A study was made of the proteins synthesized in cowpea protoplasts infected with cowpea mosaic virus (CPMV). Protoplasts were labelled with ³⁵S-methionine at different times during the infection cycle and the proteins synthesized were analysed by SDS-polyacrylamide slab gel electrophoresis of different subcellular fractions. Since no shut-off of host protein synthesis occurred, virus-specific protein synthesis had to be distinguished from a high background of protoplast proteins. Eleven polypeptides with mol. wt. of 170, 130, 112, 110, 87, 84, 68, 37, 30, 24 and 23 (all x 10³) were detected whose synthesis was either induced or stimulated by CPMV infection. No differences were observed between the electrophoretic patterns of samples from uninfected and CPMV-infected protoplasts during the first 8 h of infection (latent phase). The 170 x 10³ and 30 x 10³ species were the first virus-related polypeptides detectable by labelling between 9 and 15 h after inoculation.

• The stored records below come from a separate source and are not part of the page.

(* For every integer $n\ge 0$, $$\Phi^{(3)}[a, a'; bq^n, b'; c; x, y] = \sum_{k=0}^n \begin{bmatrix} n \\ k \end{bmatrix} q^{2\binom{k}{2}} \frac{(bx)^k (a; q)_k}{(c; q)_k} \Phi^{(3)}[aq^k, a'; bq^k, b'; cq^k; x, y]$$ and $$\Phi^{(3)}[a, a'; bq^{-n}, b'; c; x, y] = \sum_{k=0}^n \begin{bmatrix} n \\ k \end{bmatrix} q^{\binom{k}{2} - nk} \frac{(-bx)^k (a; q)_k}{(c; q)_k} \Phi^{(3)}[aq^k, a'; b, b'; cq^k; x, y].$$
   Context: Let $q$ be a complex number with $0<|q|<1$. For complex $z$ and integer $m\ge 0$, $(z;q)_m=\prod_{j=0}^{m-1}(1-zq^j)$, with $(z;q)_0=1$. For integers $0\le k\le n$, $\begin{bmatrix} n \\ k \end{bmatrix}=\frac{(q;q)_n}{(q;q)_k(q;q)_{n-k}}$ is the $q$-binomial coefficient. The $q$-Appell function $\Phi^{(3)}$ is $$\Phi^{(3)}[a, a'; b, b'; c; x, y] = \sum_{m, n \geq 0} \frac{(a; q)_m (a'; q)_n (b; q)_m (b'; q)_n}{(q; q)_m (q; q)_n (c; q)_{m+n}} x^m y^n.$$ Identities are understood as identities of power series in $x,y$ (formal, or convergent for small $|x|,|y|$), with complex parameters chosen so that no denominator occurring vanishes. *)

theory Defs
  imports "HOL-Analysis.Analysis"
begin

definition qpoch :: "complex \<Rightarrow> complex \<Rightarrow> nat \<Rightarrow> complex" where
  "qpoch z q m = (\<Prod>j<m. 1 - z * q ^ j)"

definition qbinom :: "complex \<Rightarrow> nat \<Rightarrow> nat \<Rightarrow> complex" where
  "qbinom q n k = qpoch q q n / (qpoch q q k * qpoch q q (n - k))"

definition qAppell3 ::
  "complex \<Rightarrow> complex \<Rightarrow> complex \<Rightarrow> complex \<Rightarrow> complex \<Rightarrow> complex \<Rightarrow> complex \<Rightarrow> complex \<Rightarrow> complex" where
  "qAppell3 q a a' b b' c x y =
     (\<Sum>\<^sub>\<infinity>(m, n)\<in>UNIV.
        qpoch a q m * qpoch a' q n * qpoch b q m * qpoch b' q n
        / (qpoch q q m * qpoch q q n * qpoch c q (m + n)) * x ^ m * y ^ n)"

end

theory Submission
  imports Defs
begin

(* Replacing b by bq changes only the factor (b;q)_m of the (m,n)-th term, and
   (bq;q)_m - (b;q)_m = b (1 - q^m) (bq;q)_(m-1).  Summing over (m,n) gives the contiguous relation
     Phi[a,a';bq,b';c] = Phi[a,a';b,b';c] + bx(1-a)/(1-c) Phi[aq,a';bq,b';cq].
   Both expansions then follow by induction on n: expand Phi[..; b q^(n+1); ..] (resp. b q^(-n-1))
   by the induction hypothesis for bq (resp. b/q), apply the contiguous relation to every summand,
   and merge the two resulting sums with one of the two forms of the q-Pascal rule.
   The double series converge absolutely because (z;q)_k and 1/(z;q)_k grow more slowly
   than rho^k for every rho > 1. *)

lemma qpoch_0 [simp]: "qpoch z q 0 = 1"
  by (simp add: qpoch_def)

lemma qpoch_Suc: "qpoch z q (Suc m) = qpoch z q m * (1 - z * q ^ m)"
  by (simp add: qpoch_def)

lemma qpoch_Suc_shift: "qpoch z q (Suc m) = (1 - z) * qpoch (z * q) q m"
  unfolding qpoch_def by (subst prod.lessThan_Suc_shift) (simp add: mult_ac)

lemma qpoch_Suc_diff:
  "qpoch (z * q) q (Suc m) = qpoch z q (Suc m) + z * (1 - q ^ Suc m) * qpoch (z * q) q m"
  unfolding qpoch_Suc[of "z * q"] qpoch_Suc_shift[of z] by (simp add: algebra_simps)

lemma qpoch_eq_0_iff: "qpoch z q m = 0 \<longleftrightarrow> (\<exists>j<m. z * q ^ j = 1)"
  by (auto simp: qpoch_def)

lemma qpoch_q_q_nonzero:
  assumes "\<And>j. q ^ Suc j \<noteq> 1"
  shows "qpoch q q m \<noteq> 0"
  using assms by (simp add: qpoch_eq_0_iff)

lemma power_Suc_neq_1:
  fixes q :: "'a::real_normed_div_algebra"
  assumes "norm q < 1"
  shows "q ^ Suc j \<noteq> 1"
proof -
  have "norm (q ^ Suc j) < 1"
    using assms power_less_one_iff[of "norm q" "Suc j"] by (simp only: norm_power) simp
  then show ?thesis
    by (metis norm_one order_less_irrefl)
qed

lemma qbinom_0:
  assumes "\<And>j. q ^ Suc j \<noteq> 1"
  shows "qbinom q n 0 = 1"
  using qpoch_q_q_nonzero[OF assms] by (simp add: qbinom_def)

From about 16 h after inoculation, all other virus-related proteins appeared to be synthesized at increasing rates. The polypeptides with mol. wt. of 170, 130, 112, 110, 68, 37 and 23 (all x 10³) could be designated as virus-induced; the others may well be host-coded proteins, the synthesis of which is stimulated by CPMV infection. Although CPMV replication is known to occur in close association with virus-induced cytopathic membrane structures the 112 x 10³ and 68 x 10³ mol. wt. polypeptides were the only virus-related proteins specifically found in the particulate fractions of the protoplasts. From the 11 virus-related proteins, the 37 x 10³, 24 x 10³ and 23 x 10³ mol. wt. proteins were identified as virus coat proteins. The 170 x 10³ and 30 x 10³ mol. wt. polypeptides also appeared to be virus-specific and to be coded for by CPMV bottom component RNA.

^* Present address: Institute of Virology, Veterinary Faculty, State University, Yalelaan 1, Utrecht, The Netherlands.

Received 19 February 1980; accepted 28 July 1980.